WHAT IS BEING ASKED
Return every line of the listing that includes the string "noteq".

RECORDED DATA

(* Let $\lambda_1,\lambda_2\in\mathbb{N}$. For all $(k,l,m)$ with $0\le m\le\lambda_1$, $0\le l\le\lambda_2$, $0\le k\le\lambda_2+m-l$, writing $v_{k,l,m}=F_2^k\hat F_3^lF_1^mv_\lambda\in V_\lambda$ (this notation is used for all $k,l,m\in\mathbb{N}$; such vectors may be zero), we have: (i) $K_1v_{k,l,m}=q^{\lambda_1+k-l-2m}v_{k,l,m}$; (ii) $K_2v_{k,l,m}=q^{\lambda_2-2k-l+m}v_{k,l,m}$; (iii) $F_1v_{k,l,m}=a_k(l,m)v_{k,l,m+1}+b_k(l,m)v_{k-1,l+1,m}$; (iv) $E_1v_{k,l,m}=\alpha_k(l,m)v_{k,l,m-1}+\beta_k(l,m)v_{k+1,l-1,m}$; (v) $F_2v_{k,l,m}=v_{k+1,l,m}$; (vi) $E_2v_{k,l,m}=\eta_k(l,m)v_{k-1,l,m}$; where (terms with a zero coefficient are omitted, so negative indices never matter) $a_k(l,m)=\frac{q^{\lambda_2+m+1-k-l}-q^{-\lambda_2-m-1+k+l}}{q^{\lambda_2+m+1-l}-q^{-\lambda_2-m-1+l}}$, $b_k(l,m)=\frac{q^k-q^{-k}}{q^{\lambda_2+m+1-l}-q^{-\lambda_2-m-1+l}}$, $\eta_k(l,m)=\frac{q^k-q^{-k}}{q-q^{-1}}\cdot\frac{q^{1-k+\lambda_2-l+m}-q^{k-1-\lambda_2+l-m}}{q-q^{-1}}$, $\alpha_k(l,m)=\frac{(q^m-q^{-m})(q^{\lambda_1-m+1}-q^{-\lambda_1+m-1})(q^{\lambda_2+m+1}-q^{-\lambda_2-m-1})}{(q-q^{-1})^2(q^{\lambda_2+m-l+1}-q^{-\lambda_2-m+l-1})}$, $\beta_k(l,m)=\frac{(q^l-q^{-l})(q^{\lambda_2-l+1}-q^{-\lambda_2+l-1})(q^{\lambda_1+\lambda_2-l+2}-q^{-\lambda_1-\lambda_2+l-2})}{(q-q^{-1})^2(q^{\lambda_2+m-l+1}-q^{-\lambda_2-m+l-1})}$.
   Context: Fix $0<q<1$. $\mathcal{U}_q(\mathfrak{su}(3))$ denotes the unital associative $\mathbb{C}$-algebra generated by $E_i,F_i,K_i^{\pm1}$ ($i=1,2$) subject to: the $K_i^{\pm1}$ pairwise commute, $K_iK_i^{-1}=K_i^{-1}K_i=1$, $K_iE_j=q^{a_{ij}}E_jK_i$, $K_iF_j=q^{-a_{ij}}F_jK_i$, $E_iF_j-F_jE_i=\delta_{ij}\frac{K_i-K_i^{-1}}{q-q^{-1}}$, where $a_{11}=a_{22}=2$, $a_{12}=a_{21}=-1$, and for $i\neq j$ the quantum Serre relations $E_i^2E_j-(q+q^{-1})E_iE_jE_i+E_jE_i^2=0=F_i^2F_j-(q+q^{-1})F_iF_jF_i+F_jF_i^2$. Define $\hat F_3=F_1F_2\frac{qK_2-q^{-1}K_2^{-1}}{q-q^{-1}}-F_2F_1\frac{K_2-K_2^{-1}}{q-q^{-1}}$. For $\lambda_1,\lambda_2\in\mathbb{N}=\{0,1,2,\dots\}$, $V_\lambda$ denotes the finite-dimensional irreducible representation of $\mathcal{U}_q(\mathfrak{su}(3))$ generated by a highest weight vector $v_\lambda$ with $E_iv_\lambda=0$, $K_iv_\lambda=q^{\lambda_i}v_\lambda$ ($i=1,2$). The vectors $F_2^k\hat F_3^lF_1^mv_\lambda$ with $0\le m\le\lambda_1$, $0\le l\le\lambda_2$, $0\le k\le\lambda_2+m-l$ form a basis of $V_\lambda$. *)

theory Defs
  imports Complex_Main
begin

text \<open>The generators are
  indexed by i in {1,2}: E i, F i, K i and Ki i (= K_i^{-1}).\<close>

definition cartan :: "nat \<Rightarrow> nat \<Rightarrow> int" where
  "cartan i j = (if i = j then 2 else -1)"

definition Uq_su3_rep ::
  "real \<Rightarrow> (complex \<Rightarrow> 'v::ab_group_add \<Rightarrow> 'v) \<Rightarrow> (nat \<Rightarrow> 'v \<Rightarrow> 'v) \<Rightarrow> (nat \<Rightarrow> 'v \<Rightarrow> 'v)
     \<Rightarrow> (nat \<Rightarrow> 'v \<Rightarrow> 'v) \<Rightarrow> (nat \<Rightarrow> 'v \<Rightarrow> 'v) \<Rightarrow> bool" where
  "Uq_su3_rep q sc E F K Ki \<longleftrightarrow>
     vector_space sc \<and>
     (\<forall>i\<in>{1,2}. Vector_Spaces.linear sc sc (E i) \<and> Vector_Spaces.linear sc sc (F i) \<and>
                 Vector_Spaces.linear sc sc (K i) \<and> Vector_Spaces.linear sc sc (Ki i)) \<and>
     (\<forall>i\<in>{1,2}. \<forall>j\<in>{1,2}. \<forall>x.
        K i (K j x) = K j (K i x) \<and> K i (Ki j x) = Ki j (K i x) \<and> Ki i (Ki j x) = Ki j (Ki i x) \<and>
        K i (Ki i x) = x \<and> Ki i (K i x) = x \<and>
        K i (E j x) = sc (complex_of_real q powi cartan i j) (E j (K i x)) \<and>
        K i (F j x) = sc (complex_of_real q powi (- cartan i j)) (F j (K i x)) \<and>
        E i (F j x) - F j (E i x) =
          (if i = j then sc (1 / complex_of_real (q - inverse q)) (K i x - Ki i x) else 0) \<and>
        (i \<noteq> j \<longrightarrow>
           E i (E i (E j x)) - sc (complex_of_real (q + inverse q)) (E i (E j (E i x)))
             + E j (E i (E i x)) = 0 \<and>
           F i (F i (F j x)) - sc (complex_of_real (q + inverse q)) (F i (F j (F i x)))
             + F j (F i (F i x)) = 0))"

definition fin_dim :: "(complex \<Rightarrow> 'v::ab_group_add \<Rightarrow> 'v) \<Rightarrow> bool" where
  "fin_dim sc \<longleftrightarrow> (\<exists>B. finite B \<and> module.span sc B = UNIV)"

definition irreducible_rep ::
  "(complex \<Rightarrow> 'v::ab_group_add \<Rightarrow> 'v) \<Rightarrow> (nat \<Rightarrow> 'v \<Rightarrow> 'v) \<Rightarrow> (nat \<Rightarrow> 'v \<Rightarrow> 'v)
     \<Rightarrow> (nat \<Rightarrow> 'v \<Rightarrow> 'v) \<Rightarrow> (nat \<Rightarrow> 'v \<Rightarrow> 'v) \<Rightarrow> bool" where
  "irreducible_rep sc E F K Ki \<longleftrightarrow>
     (\<forall>W. module.subspace sc W \<and>
          (\<forall>i\<in>{1,2}. \<forall>x\<in>W. E i x \<in> W \<and> F i x \<in> W \<and> K i x \<in> W \<and> Ki i x \<in> W)
          \<longrightarrow> W = {0} \<or> W = UNIV)"

definition F3hat ::
  "real \<Rightarrow> (complex \<Rightarrow> 'v::ab_group_add \<Rightarrow> 'v) \<Rightarrow> (nat \<Rightarrow> 'v \<Rightarrow> 'v) \<Rightarrow> (nat \<Rightarrow> 'v \<Rightarrow> 'v)
     \<Rightarrow> (nat \<Rightarrow> 'v \<Rightarrow> 'v) \<Rightarrow> 'v \<Rightarrow> 'v" where
  "F3hat q sc F K Ki x =
     F 1 (F 2 (sc (1 / complex_of_real (q - inverse q))
                 (sc (complex_of_real q) (K 2 x) - sc (complex_of_real (inverse q)) (Ki 2 x))))
     - F 2 (F 1 (sc (1 / complex_of_real (q - inverse q)) (K 2 x - Ki 2 x)))"

definition vkl ::
  "real \<Rightarrow> (complex \<Rightarrow> 'v::ab_group_add \<Rightarrow> 'v) \<Rightarrow> (nat \<Rightarrow> 'v \<Rightarrow> 'v) \<Rightarrow> (nat \<Rightarrow> 'v \<Rightarrow> 'v)
     \<Rightarrow> (nat \<Rightarrow> 'v \<Rightarrow> 'v) \<Rightarrow> 'v \<Rightarrow> nat \<Rightarrow> nat \<Rightarrow> nat \<Rightarrow> 'v" where
  "vkl q sc F K Ki v k l m = (F 2 ^^ k) ((F3hat q sc F K Ki ^^ l) ((F 1 ^^ m) v))"

definition qd :: "real \<Rightarrow> int \<Rightarrow> real" where
  "qd q n = q powi n - q powi (- n)"

definition coef_a :: "real \<Rightarrow> nat \<Rightarrow> nat \<Rightarrow> nat \<Rightarrow> nat \<Rightarrow> nat \<Rightarrow> real" where
  "coef_a q l1 l2 k l m =
     qd q (int l2 + int m + 1 - int k - int l) / qd q (int l2 + int m + 1 - int l)"

definition coef_b :: "real \<Rightarrow> nat \<Rightarrow> nat \<Rightarrow> nat \<Rightarrow> nat \<Rightarrow> nat \<Rightarrow> real" where
  "coef_b q l1 l2 k l m = qd q (int k) / qd q (int l2 + int m + 1 - int l)"

definition coef_eta :: "real \<Rightarrow> nat \<Rightarrow> nat \<Rightarrow> nat \<Rightarrow> nat \<Rightarrow> nat \<Rightarrow> real" where
  "coef_eta q l1 l2 k l m =
     qd q (int k) / (q - inverse q) * (qd q (1 - int k + int l2 - int l + int m) / (q - inverse q))"

definition coef_alpha :: "real \<Rightarrow> nat \<Rightarrow> nat \<Rightarrow> nat \<Rightarrow> nat \<Rightarrow> nat \<Rightarrow> real" where
  "coef_alpha q l1 l2 k l m =
     (qd q (int m) * qd q (int l1 - int m + 1) * qd q (int l2 + int m + 1)) /
     ((q - inverse q)^2 * qd q (int l2 + int m - int l + 1))"

definition coef_beta :: "real \<Rightarrow> nat \<Rightarrow> nat \<Rightarrow> nat \<Rightarrow> nat \<Rightarrow> nat \<Rightarrow> real" where
  "coef_beta q l1 l2 k l m =
     (qd q (int l) * qd q (int l2 - int l + 1) * qd q (int l1 + int l2 - int l + 2)) /
     ((q - inverse q)^2 * qd q (int l2 + int m - int l + 1))"

end

theory Submission
  imports Defs
begin

text \<open>Write v(l,m) = F3^l F1^m v, so that v(k,l,m) = F2^k v(l,m).  On a vector on which K2 acts
  by q^b, F3 acts as [b+1] F1 F2 - [b] F2 F1.  Together with the Serre relations this makes F1
  commute with F3, so F1 v(l,m) = v(l,m+1), and it lets F1 be moved through F2^k at the cost
  of a single F3, which gives (iii).  E2 kills every v(l,m), so (vi) is the U_q(sl(2))
  computation along the F2-string.  E1 commutes with F2, so (iv) reduces to E1 v(l,m), which
  follows by induction on l from E1 F3 x = [a+b+1] F2 x + (F3 at weight b)(E1 x): the
  coefficients alpha and beta are the solutions of the resulting recurrences.\<close>

declare One_nat_def [simp del]

section \<open>Quantum integers\<close>

definition qint :: "real \<Rightarrow> int \<Rightarrow> real" where
  "qint q n = qd q n / (q - inverse q)"

lemma qd_0 [simp]: "qd q 0 = 0"
  unfolding qd_def by simp

lemma qint_0 [simp]: "qint q 0 = 0"
  unfolding qint_def by simp

lemma coef_alpha_0 [simp]: "coef_alpha q l1 l2 k l 0 = 0"
  unfolding coef_alpha_def by simp

lemma coef_beta_0 [simp]: "coef_beta q l1 l2 k 0 m = 0"
  unfolding coef_beta_def by simp

lemma qd_1: "qd q 1 = q - inverse q"
  unfolding qd_def by (simp add: power_int_minus)

lemma qint_eq_qd_div: "qint q n = qd q n / qd q 1"
  unfolding qint_def qd_1 ..

lemma qd_nonzero:
  assumes "0 < q" "q \<noteq> 1" "n \<noteq> 0"
  shows "qd q n \<noteq> 0"
proof -
  have "q powi n \<noteq> q powi (- n)"
  proof (cases "q < 1")
    case True
    then show ?thesis
      using assms power_int_strict_decreasing[of n "- n" q] power_int_strict_decreasing[of "- n" n q]
      by (cases "n < 0") auto
  next
    case False
    then have "1 < q" using assms(2) by simp
    then show ?thesis
      using assms power_int_strict_increasing[of n "- n" q] power_int_strict_increasing[of "- n" n q]
      by (cases "n < 0") auto
  qed
  then show ?thesis unfolding qd_def by simp
qed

OUTPUT OF THE EXERCISE
        (i \<noteq> j \<longrightarrow>
  assumes "0 < q" "q \<noteq> 1" "n \<noteq> 0"
  shows "qd q n \<noteq> 0"
  have "q powi n \<noteq> q powi (- n)"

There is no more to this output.